[RECORDED DATA Boundary: Start]

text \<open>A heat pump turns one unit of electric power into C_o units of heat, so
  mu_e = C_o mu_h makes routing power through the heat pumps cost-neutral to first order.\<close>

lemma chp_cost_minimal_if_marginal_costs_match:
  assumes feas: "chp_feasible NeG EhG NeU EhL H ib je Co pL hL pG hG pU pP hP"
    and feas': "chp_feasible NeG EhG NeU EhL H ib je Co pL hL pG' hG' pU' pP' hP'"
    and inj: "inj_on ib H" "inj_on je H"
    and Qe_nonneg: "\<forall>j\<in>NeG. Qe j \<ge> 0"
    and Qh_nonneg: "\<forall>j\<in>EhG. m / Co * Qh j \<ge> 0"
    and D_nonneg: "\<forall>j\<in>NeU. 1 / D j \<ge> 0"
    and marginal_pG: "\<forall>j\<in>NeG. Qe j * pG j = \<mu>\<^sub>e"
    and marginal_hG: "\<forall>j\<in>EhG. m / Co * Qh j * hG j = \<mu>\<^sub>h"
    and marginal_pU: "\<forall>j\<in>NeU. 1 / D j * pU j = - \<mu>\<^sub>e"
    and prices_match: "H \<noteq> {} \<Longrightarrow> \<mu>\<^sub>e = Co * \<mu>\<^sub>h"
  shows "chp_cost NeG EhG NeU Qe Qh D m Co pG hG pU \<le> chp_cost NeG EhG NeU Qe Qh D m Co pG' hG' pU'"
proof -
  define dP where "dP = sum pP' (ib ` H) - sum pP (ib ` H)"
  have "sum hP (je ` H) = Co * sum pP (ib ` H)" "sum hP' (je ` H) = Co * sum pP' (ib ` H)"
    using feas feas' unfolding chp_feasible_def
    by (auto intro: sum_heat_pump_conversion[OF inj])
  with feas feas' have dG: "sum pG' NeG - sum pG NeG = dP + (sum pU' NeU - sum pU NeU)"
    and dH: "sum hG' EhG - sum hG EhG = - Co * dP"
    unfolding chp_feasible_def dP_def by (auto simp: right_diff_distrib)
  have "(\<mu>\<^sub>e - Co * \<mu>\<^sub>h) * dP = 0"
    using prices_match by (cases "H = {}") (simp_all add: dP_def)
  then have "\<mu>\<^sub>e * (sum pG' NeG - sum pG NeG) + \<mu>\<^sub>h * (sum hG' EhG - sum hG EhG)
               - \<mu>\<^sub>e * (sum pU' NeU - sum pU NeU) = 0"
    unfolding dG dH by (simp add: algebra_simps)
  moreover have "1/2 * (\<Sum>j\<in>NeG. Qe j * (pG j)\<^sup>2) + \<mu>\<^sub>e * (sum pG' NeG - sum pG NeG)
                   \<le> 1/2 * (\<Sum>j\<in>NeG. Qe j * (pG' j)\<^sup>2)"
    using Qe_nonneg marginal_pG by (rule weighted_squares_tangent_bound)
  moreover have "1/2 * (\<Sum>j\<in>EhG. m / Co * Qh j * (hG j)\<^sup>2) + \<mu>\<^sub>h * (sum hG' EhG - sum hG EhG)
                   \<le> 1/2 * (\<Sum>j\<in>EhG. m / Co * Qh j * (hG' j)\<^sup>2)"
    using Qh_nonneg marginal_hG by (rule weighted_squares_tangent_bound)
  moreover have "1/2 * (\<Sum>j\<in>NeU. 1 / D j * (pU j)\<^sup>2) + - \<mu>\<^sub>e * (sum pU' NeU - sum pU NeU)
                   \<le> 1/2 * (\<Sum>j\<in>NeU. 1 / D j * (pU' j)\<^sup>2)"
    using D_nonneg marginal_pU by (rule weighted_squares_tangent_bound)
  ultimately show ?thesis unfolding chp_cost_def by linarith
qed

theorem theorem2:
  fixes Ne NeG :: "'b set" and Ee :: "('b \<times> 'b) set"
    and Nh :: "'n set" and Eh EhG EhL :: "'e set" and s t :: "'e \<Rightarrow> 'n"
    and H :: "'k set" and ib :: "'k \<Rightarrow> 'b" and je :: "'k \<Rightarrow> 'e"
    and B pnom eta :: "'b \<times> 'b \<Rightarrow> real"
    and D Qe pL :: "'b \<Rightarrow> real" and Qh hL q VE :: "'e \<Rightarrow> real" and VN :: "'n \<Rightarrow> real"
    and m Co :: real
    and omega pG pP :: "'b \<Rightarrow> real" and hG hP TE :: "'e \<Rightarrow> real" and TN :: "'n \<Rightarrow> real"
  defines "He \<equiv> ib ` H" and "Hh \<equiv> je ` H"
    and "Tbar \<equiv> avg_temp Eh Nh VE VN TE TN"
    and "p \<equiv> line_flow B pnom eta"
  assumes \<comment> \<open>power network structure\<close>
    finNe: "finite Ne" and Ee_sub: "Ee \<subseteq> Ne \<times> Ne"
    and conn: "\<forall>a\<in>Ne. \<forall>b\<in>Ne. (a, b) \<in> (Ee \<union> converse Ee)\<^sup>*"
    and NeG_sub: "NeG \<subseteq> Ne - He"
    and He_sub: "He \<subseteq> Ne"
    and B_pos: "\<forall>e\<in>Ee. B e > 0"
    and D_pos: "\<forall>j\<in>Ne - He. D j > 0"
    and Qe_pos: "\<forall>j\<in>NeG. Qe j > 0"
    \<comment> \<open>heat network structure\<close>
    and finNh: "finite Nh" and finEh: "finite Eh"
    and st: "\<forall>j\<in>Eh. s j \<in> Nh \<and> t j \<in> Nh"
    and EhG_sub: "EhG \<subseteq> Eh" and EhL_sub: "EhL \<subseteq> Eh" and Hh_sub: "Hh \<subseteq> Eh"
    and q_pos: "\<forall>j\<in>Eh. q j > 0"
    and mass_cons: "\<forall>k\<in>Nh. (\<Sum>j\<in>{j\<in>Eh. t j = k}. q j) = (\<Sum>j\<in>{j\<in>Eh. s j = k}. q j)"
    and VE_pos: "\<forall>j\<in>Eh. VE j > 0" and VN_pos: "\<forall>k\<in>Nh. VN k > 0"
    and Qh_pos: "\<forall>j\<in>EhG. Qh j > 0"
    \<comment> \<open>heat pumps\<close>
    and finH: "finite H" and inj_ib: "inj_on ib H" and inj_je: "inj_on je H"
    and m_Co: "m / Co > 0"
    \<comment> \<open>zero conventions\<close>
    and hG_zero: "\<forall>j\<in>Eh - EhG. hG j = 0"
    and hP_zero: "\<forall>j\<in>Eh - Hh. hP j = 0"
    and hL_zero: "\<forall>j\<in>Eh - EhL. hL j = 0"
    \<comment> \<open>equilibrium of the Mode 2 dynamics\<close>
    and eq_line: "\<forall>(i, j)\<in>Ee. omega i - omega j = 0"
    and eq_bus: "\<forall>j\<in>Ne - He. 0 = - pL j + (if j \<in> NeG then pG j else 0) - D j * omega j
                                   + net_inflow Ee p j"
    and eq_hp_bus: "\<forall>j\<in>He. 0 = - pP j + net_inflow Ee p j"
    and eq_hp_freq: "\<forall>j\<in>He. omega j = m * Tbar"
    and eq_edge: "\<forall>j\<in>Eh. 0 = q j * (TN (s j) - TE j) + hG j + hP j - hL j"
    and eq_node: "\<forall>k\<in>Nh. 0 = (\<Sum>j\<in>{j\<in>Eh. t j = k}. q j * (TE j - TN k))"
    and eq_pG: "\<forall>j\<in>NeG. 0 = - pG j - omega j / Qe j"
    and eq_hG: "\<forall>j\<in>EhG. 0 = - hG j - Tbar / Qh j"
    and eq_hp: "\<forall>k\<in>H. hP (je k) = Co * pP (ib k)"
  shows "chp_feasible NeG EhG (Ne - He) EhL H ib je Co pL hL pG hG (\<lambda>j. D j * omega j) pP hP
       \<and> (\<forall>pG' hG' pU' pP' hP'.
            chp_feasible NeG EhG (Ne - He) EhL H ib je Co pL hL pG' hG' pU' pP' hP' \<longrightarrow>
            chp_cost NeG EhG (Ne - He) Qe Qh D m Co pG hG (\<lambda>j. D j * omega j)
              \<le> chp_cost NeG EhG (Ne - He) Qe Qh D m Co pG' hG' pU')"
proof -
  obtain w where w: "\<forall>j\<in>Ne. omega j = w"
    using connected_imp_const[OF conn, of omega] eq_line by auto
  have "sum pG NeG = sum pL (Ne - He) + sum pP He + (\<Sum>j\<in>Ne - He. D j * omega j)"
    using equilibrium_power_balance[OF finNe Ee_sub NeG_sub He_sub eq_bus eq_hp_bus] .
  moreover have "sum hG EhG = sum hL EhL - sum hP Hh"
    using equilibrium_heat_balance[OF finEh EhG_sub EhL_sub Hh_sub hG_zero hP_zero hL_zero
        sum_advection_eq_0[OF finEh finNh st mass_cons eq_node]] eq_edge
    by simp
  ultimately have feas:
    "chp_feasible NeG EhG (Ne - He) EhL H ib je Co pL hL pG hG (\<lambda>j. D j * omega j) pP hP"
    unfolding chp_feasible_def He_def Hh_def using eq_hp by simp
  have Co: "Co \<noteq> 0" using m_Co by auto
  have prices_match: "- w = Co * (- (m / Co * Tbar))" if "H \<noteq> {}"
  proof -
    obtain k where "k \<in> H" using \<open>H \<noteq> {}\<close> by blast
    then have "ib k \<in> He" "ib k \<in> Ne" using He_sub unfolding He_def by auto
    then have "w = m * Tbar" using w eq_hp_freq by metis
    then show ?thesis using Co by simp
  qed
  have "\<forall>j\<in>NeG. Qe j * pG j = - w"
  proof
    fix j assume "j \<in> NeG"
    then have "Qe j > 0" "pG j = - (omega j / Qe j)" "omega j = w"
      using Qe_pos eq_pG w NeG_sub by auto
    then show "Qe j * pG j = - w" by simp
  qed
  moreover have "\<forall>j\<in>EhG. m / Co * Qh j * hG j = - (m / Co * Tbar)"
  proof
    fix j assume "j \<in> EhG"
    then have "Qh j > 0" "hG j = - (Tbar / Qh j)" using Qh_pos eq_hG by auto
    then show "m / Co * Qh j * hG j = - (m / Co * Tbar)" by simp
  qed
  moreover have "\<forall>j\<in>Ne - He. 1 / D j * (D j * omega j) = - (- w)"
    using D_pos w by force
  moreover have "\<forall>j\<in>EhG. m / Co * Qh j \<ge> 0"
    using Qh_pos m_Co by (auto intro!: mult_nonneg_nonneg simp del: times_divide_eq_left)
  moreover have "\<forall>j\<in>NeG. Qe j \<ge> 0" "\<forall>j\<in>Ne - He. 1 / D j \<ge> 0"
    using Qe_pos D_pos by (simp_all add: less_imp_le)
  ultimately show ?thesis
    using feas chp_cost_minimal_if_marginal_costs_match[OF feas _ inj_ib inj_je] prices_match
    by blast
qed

[RECORDED DATA Boundary: End]
[RECORDED DATA Boundary: Start]

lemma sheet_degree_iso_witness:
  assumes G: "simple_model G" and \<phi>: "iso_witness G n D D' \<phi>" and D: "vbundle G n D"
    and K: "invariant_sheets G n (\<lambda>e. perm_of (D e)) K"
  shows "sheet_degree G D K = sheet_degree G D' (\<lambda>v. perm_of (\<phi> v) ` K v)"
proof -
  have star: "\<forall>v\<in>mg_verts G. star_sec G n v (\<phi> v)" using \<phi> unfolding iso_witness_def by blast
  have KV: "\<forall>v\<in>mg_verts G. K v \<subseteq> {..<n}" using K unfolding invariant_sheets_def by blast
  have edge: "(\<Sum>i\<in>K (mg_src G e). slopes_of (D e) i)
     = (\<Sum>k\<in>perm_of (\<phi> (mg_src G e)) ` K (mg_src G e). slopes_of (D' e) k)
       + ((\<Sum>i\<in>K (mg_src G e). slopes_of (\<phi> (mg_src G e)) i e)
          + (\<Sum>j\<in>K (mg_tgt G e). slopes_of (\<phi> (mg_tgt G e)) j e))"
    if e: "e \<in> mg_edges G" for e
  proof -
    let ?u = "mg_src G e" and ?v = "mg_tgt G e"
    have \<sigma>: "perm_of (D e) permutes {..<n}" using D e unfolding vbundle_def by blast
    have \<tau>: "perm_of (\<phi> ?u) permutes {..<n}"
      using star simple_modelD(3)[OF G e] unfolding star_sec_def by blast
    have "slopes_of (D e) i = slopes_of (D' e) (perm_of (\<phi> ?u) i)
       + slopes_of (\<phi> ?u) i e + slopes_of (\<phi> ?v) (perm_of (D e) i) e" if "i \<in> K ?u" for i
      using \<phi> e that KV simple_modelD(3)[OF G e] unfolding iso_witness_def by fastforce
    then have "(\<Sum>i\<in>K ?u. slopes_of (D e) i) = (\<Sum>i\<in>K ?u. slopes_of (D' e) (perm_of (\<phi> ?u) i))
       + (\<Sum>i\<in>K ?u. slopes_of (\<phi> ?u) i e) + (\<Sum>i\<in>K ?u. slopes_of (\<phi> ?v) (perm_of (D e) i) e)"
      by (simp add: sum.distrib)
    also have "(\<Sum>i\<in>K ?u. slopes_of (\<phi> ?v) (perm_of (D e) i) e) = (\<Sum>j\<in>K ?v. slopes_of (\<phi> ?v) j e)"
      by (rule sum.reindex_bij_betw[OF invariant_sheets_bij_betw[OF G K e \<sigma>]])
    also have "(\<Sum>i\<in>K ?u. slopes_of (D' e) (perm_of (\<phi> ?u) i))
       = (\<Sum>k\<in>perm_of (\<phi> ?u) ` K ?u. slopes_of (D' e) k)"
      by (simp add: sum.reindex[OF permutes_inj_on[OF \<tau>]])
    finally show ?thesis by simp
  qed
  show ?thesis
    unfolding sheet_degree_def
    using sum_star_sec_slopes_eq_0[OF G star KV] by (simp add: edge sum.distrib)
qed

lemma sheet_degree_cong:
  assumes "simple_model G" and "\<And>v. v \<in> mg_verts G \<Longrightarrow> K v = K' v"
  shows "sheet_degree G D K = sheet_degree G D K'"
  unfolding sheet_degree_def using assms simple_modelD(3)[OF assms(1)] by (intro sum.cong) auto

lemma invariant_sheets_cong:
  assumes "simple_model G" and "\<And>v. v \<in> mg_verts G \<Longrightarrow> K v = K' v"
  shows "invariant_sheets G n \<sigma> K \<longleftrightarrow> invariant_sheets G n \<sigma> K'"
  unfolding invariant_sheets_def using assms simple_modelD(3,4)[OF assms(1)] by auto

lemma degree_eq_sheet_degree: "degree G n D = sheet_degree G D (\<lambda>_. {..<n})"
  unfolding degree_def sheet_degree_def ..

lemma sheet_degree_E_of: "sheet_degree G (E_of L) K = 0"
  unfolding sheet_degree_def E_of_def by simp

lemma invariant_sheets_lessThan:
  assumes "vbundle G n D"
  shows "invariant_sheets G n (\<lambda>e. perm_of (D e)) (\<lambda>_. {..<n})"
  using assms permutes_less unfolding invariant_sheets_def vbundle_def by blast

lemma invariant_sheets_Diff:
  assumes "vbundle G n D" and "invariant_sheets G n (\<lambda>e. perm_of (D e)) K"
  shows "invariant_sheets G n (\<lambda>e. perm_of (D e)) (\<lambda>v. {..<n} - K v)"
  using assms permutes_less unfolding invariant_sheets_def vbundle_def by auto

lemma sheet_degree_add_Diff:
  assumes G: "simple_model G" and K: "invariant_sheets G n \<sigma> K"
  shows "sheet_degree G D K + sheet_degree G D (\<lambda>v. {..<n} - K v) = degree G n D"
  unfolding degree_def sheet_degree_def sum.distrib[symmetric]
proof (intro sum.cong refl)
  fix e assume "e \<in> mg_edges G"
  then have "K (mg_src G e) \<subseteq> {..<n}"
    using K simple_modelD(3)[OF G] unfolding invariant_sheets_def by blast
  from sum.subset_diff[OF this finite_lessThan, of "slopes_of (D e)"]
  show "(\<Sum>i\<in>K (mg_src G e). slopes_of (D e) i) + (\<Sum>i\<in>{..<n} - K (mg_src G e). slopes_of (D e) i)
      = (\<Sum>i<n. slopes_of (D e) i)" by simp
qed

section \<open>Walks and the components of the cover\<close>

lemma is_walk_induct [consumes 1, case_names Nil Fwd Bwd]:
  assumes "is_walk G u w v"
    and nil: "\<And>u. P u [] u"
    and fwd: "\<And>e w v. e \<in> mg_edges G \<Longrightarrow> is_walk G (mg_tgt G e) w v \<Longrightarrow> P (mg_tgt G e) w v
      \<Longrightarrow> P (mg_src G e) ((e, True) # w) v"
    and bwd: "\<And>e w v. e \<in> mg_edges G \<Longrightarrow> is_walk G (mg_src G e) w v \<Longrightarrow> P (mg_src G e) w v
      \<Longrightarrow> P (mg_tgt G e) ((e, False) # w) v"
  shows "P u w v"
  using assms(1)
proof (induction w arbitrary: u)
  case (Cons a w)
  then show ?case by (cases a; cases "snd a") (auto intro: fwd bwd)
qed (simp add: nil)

[RECORDED DATA Boundary: End]
[RECORDED DATA Boundary: Start]

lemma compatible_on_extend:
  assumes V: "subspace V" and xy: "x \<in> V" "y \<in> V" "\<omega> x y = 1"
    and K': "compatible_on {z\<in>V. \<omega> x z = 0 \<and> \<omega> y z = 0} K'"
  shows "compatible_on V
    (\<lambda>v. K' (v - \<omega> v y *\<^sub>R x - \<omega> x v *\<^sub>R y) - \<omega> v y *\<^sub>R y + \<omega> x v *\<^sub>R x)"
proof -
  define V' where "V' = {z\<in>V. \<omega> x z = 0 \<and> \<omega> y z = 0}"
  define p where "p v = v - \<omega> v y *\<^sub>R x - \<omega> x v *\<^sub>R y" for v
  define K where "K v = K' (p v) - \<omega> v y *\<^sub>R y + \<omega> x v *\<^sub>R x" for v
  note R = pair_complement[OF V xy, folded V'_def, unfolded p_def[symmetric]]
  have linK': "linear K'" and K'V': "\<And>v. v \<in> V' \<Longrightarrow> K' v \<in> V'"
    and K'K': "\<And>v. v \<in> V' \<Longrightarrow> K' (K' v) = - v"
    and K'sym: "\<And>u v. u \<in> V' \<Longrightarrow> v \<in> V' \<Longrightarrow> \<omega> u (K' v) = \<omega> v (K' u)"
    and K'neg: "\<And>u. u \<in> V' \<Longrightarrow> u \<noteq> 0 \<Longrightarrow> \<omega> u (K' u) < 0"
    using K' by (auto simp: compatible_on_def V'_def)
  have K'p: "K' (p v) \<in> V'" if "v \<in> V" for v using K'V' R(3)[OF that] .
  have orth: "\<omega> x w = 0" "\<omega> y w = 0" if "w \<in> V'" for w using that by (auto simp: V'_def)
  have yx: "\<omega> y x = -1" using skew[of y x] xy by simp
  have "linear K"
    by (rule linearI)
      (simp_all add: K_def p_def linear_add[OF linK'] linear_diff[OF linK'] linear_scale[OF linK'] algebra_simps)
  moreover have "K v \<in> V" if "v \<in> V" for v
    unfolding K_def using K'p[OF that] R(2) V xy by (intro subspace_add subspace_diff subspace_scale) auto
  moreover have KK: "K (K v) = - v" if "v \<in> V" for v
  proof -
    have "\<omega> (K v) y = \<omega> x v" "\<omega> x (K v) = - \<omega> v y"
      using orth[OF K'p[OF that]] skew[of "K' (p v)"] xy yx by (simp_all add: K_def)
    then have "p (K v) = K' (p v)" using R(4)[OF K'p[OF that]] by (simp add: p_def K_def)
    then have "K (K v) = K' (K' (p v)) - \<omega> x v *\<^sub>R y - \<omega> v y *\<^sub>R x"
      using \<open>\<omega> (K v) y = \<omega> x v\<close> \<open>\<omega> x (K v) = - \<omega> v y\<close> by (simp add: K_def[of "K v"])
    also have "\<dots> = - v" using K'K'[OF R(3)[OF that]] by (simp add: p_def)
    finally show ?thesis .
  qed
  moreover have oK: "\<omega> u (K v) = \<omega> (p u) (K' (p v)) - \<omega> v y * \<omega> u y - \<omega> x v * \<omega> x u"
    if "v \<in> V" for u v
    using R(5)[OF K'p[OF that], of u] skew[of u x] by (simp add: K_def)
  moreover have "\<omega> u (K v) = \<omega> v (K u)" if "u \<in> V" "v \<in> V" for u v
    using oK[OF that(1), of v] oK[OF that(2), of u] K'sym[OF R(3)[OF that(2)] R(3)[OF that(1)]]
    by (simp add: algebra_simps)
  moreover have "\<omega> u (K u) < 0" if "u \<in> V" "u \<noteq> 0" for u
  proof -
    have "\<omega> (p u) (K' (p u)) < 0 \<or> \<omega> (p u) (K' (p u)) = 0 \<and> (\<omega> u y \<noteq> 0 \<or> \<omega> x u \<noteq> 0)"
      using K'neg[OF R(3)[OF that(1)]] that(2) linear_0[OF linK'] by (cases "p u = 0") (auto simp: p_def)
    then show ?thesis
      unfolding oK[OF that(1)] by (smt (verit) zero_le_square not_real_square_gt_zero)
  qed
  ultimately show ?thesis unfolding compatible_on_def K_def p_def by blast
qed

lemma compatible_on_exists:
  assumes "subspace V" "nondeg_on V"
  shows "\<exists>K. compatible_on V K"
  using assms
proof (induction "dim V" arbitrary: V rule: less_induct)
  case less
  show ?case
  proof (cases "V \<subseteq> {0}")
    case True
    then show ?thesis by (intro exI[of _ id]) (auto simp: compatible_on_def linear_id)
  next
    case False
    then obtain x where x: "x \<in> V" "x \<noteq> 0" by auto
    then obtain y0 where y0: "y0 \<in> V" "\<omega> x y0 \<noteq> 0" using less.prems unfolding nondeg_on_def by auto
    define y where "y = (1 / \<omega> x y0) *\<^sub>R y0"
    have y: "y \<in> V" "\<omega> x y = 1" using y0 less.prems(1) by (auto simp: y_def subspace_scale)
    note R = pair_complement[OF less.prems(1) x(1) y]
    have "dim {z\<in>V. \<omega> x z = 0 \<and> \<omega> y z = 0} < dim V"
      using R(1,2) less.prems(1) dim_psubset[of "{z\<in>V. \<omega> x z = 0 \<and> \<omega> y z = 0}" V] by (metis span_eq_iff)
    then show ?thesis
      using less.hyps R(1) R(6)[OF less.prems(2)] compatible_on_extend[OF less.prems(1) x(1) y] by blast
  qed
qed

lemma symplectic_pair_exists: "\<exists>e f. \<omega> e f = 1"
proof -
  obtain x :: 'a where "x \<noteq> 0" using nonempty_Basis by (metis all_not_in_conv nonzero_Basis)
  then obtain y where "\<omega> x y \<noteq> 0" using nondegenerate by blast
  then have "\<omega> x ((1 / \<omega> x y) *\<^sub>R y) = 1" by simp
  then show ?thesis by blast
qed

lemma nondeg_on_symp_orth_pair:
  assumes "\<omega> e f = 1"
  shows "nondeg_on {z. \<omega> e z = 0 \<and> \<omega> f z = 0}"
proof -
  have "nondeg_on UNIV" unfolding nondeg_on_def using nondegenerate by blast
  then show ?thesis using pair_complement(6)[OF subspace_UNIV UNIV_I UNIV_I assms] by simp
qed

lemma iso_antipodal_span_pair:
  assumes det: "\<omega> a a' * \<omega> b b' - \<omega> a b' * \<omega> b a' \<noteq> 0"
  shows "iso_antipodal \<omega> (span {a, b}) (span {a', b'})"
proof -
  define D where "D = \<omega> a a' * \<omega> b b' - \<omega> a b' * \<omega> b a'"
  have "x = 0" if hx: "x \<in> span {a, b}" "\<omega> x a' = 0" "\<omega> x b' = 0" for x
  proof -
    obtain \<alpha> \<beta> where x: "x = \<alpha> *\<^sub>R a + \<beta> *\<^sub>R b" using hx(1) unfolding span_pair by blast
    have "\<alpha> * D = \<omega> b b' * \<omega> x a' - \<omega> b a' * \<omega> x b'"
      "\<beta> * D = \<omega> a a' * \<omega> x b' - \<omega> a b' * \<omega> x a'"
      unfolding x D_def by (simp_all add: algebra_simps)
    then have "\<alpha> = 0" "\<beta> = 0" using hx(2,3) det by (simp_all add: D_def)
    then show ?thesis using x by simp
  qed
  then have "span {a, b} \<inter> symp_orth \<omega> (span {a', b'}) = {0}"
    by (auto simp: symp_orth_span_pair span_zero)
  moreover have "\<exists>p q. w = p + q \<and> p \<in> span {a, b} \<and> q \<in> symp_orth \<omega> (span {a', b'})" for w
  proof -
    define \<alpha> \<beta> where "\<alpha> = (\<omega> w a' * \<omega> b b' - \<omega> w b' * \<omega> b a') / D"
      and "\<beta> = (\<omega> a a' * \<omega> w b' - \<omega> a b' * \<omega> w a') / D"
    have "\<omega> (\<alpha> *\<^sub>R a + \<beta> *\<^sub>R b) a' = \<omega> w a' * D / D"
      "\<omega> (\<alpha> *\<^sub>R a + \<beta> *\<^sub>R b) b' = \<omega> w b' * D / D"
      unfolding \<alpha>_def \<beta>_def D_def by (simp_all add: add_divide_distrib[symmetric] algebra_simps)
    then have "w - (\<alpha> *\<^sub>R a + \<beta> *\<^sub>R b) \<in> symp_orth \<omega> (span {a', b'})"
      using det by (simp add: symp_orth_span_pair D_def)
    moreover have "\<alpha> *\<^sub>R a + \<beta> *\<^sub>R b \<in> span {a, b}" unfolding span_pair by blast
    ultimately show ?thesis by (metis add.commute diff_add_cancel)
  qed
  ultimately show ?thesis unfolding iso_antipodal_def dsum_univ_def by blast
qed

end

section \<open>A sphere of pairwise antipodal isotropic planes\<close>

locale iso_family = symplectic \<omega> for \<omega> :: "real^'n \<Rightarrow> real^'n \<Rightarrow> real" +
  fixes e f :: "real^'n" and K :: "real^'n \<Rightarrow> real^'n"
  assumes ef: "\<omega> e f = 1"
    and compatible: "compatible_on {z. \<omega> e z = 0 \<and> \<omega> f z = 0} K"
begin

[RECORDED DATA Boundary: End]

PROBLEM TO WORK ON - Some of the data mentions "Tbar". Copy every line where it does.

WORKED SOLUTION -
    and "Tbar \<equiv> avg_temp Eh Nh VE VN TE TN"
    and eq_hp_freq: "\<forall>j\<in>He. omega j = m * Tbar"
    and eq_hG: "\<forall>j\<in>EhG. 0 = - hG j - Tbar / Qh j"
  have prices_match: "- w = Co * (- (m / Co * Tbar))" if "H \<noteq> {}"
    then have "w = m * Tbar" using w eq_hp_freq by metis
  moreover have "\<forall>j\<in>EhG. m / Co * Qh j * hG j = - (m / Co * Tbar)"
    then have "Qh j > 0" "hG j = - (Tbar / Qh j)" using Qh_pos eq_hG by auto
    then show "m / Co * Qh j * hG j = - (m / Co * Tbar)" by simp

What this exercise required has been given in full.